Absolutely not.  As Brian stated, we have cited some real-world  
problems that we cannot fix (and we have tried many, many different  
workarounds over the past few years to fix them).

It sounds like your main objection to fixing them is "it's too much  
work."  :-(

> There's an application at Sandia and at Los Alamos which both of  
> which cause problems for our linker tricks.  This leads to such  
> things as (proven) silent data corruption.
>

There are other apps that have also been reported over the years.  C++  
apps with their own allocators as especially problematic.  Abaqus had  
to change their memory allocation model several years ago to be able  
to workaround these issues.  These memory models also break valgrind,  
purify, and other memory-checking debuggers.

> Have you tried these applications with any MPI other than OpenMPI ?   
> i.e., does this corruption happen with Intel MPI and other MPIs as  
> well?
>

We have been trying to say that this is a general problem that there  
currently is no guaranteed fix for.  There's always a way to break the  
MPI workarounds for verbs' broken memory management model because  
there's no way to guarantee the memory allocation hooks.

There's two main reasons for fix these issues:

1. Business: to attract network programmers to verbs (and therefore to  
attract applications and therefore increase market share), it has to  
be simpler and within reach of today's commodity sockets-level  
programmers.  Forcing them to have registration caches and to do  
memory allocation hooking significantly raises the bar.  To date, this  
has been shunned by all network programmers except HPC and a handful  
of storage protocols.

2. Technical: if OFED says "to get good performance with verbs, you  
have to do malloc/mmap/etc. hooks and have a registration cache, "this  
unnecessarily *significantly* raises the education and code complexity  
barrier to entry for verbs programmers.  It's also un-scaleable -- if  
this is something you *have* to do for good performance, why doesn't  
the network stack do it?  It seems weird that you would effectively  
force all ULPs/MPIs/applications to implement the same functionality.   
The memory allocation hooking model also fails if more than one verbs- 
based middleware is used in the same application (because only one  
will be able to use the memory hooks per process).

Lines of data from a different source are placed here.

lemma power_of_mean_le_mean_of_powers:
  fixes q :: "nat \<Rightarrow> real"
  assumes "n \<ge> 1" "\<And>j. j < n \<Longrightarrow> q j \<ge> 0"
  shows "((\<Sum>j<n. q j) / real n) ^ m \<le> (\<Sum>j<n. q j ^ m) / real n"
proof -
  have "(\<Sum>j<n. (1 / real n) *\<^sub>R q j) ^ m \<le> (\<Sum>j<n. (1 / real n) * q j ^ m)"
    by (rule convex_on_sum[OF _ _ convex_on_power_nonneg, of "{..<n}"])
       (use assms in \<open>auto simp: lessThan_empty_iff\<close>)
  then show ?thesis by (simp add: sum_divide_distrib[symmetric] sum_distrib_left[symmetric])
qed

lemma expected_wins_uniform_bidders:
  assumes "perm_dist n P" "\<forall>i<n. \<forall>j<n. a i \<noteq> b j"
  shows "expected_wins k n a b P (uniform_perms n) = (\<Sum>i<n. below_fraction n b (a i) ^ (k - 1))"
proof -
  have "expected_wins k n a b P (uniform_perms n) =
        measure_pmf.expectation P (\<lambda>s. \<Sum>j<n. below_fraction n b (bid_on a s j) ^ (k - 1))"
    by (simp add: expected_wins_no_ties[OF assms(1) perm_dist_uniform_perms assms(2)]
                  below_prob_uniform_perms)
  also have "\<dots> = measure_pmf.expectation P (\<lambda>s. \<Sum>i<n. below_fraction n b (a i) ^ (k - 1))"
    by (intro expectation_cong_set_pmf sum_bid_on permutes_if_perm_dist[OF assms(1)])
  finally show ?thesis by simp
qed

lemma expected_wins_uniform_adversary_ge:
  assumes "n \<ge> 1" "perm_dist n Q" "\<forall>i<n. \<forall>j<n. a i \<noteq> b j"
  shows "expected_wins k n a b (uniform_perms n) Q \<ge> (\<Sum>i<n. below_fraction n b (a i) ^ (k - 1))"
proof -
  let ?q = "\<lambda>j i. below_prob Q b j (a i) ^ (k - 1)"
  have "expected_wins k n a b (uniform_perms n) Q =
        (\<Sum>j<n. measure_pmf.expectation (uniform_perms n) (\<lambda>s. below_prob Q b j (bid_on a s j) ^ (k - 1)))"
    unfolding expected_wins_no_ties[OF perm_dist_uniform_perms assms(2,3)]
    by (intro Bochner_Integration.integral_sum integrable_measure_pmf_finite
              finite_set_pmf_if_perm_dist[OF perm_dist_uniform_perms])
  also have "\<dots> = (\<Sum>j<n. (\<Sum>i<n. ?q j i) / real n)"
    by (rule sum.cong[OF refl]) (rule expectation_uniform_perms_bid_on, simp)
  also have "\<dots> = (\<Sum>i<n. (\<Sum>j<n. ?q j i) / real n)"
    unfolding sum_divide_distrib by (rule sum.swap)
  also have "\<dots> \<ge> (\<Sum>i<n. ((\<Sum>j<n. below_prob Q b j (a i)) / real n) ^ (k - 1))"
    by (intro sum_mono power_of_mean_le_mean_of_powers assms(1))
       (simp add: below_prob_def integral_nonneg_AE)
  finally show ?thesis by (simp add: average_below_prob[OF assms(2)])
qed

theorem lemma4p1:
  fixes k n :: nat and a b :: "nat \<Rightarrow> real" and P Q :: "(nat \<Rightarrow> nat) pmf"
  assumes "k \<ge> 2" and "n \<ge> 1"
    and "valid_seq n a" and "valid_seq n b"
    and "\<forall>i<n. \<forall>j<n. a i \<noteq> b j"
    and "perm_dist n P" and "perm_dist n Q"
  shows "expected_wins k n a b (uniform_perms n) Q \<ge> expected_wins k n a b (return_pmf id) (uniform_perms n)
       \<and> expected_wins k n a b (return_pmf id) (uniform_perms n) = expected_wins k n a b P (uniform_perms n)"
  using expected_wins_uniform_adversary_ge[OF assms(2,7,5)]
        expected_wins_uniform_bidders[OF perm_dist_return_id assms(5)]
        expected_wins_uniform_bidders[OF assms(6,5)]
  by simp

end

Here's a story that encompasses both reasons:

We had Open MPI *not* use the registration cache by default for a long  
time because of the danger it posed to applications.  Users could  
activate the registration cache with a simple command line parameter.   
But nobody would do that -- they wanted to run with top performance  
right out of the box (which is not unreasonable).  It also led to  
OMPI's competitors -- ahem, *YOU* at Sonoma 2009 (!) -- citing "look,  
Open MPI's performance is bad!  Our MPI's performance is GREAT!"  Open  
MPI therefore was forced to change its defaults in the 1.3 series to  
activate the [dangerous] memory registration cache by default.

You mentioned that doing this stuff is a choice; the choice that MPI's/ 
ULPs/applications therefore have is:

- don't use registration caches/memory allocation hooking, have  
terrible performance
- use registration caches/memory allocation hooking, have good  
performance

Which is no choice at all.  If customers pay top dollar for these  
networks, they want to see benchmarks run out of the box that show  
that they're getting every flop/byte-per-second that they can.  The  
fact that the programming model is needlessly complicated (and  
dangerous) to get that performance is something that the MPI's have  
tolerated because we had to for competition's sake.

This is not something that non-HPC customers will accept.

> Of the solutions that have been presented so far,
> I think the kernel notifier approach would be a better solution.
>

Note that Jason G. said in this thread: "Notifiers are going to be  
very troublesome, every time any sort of synchronous to user space  
notifier has been proposed or implemented in the kernel it has been a  
disaster."

-- 
Jeff Squyres
Cisco Systems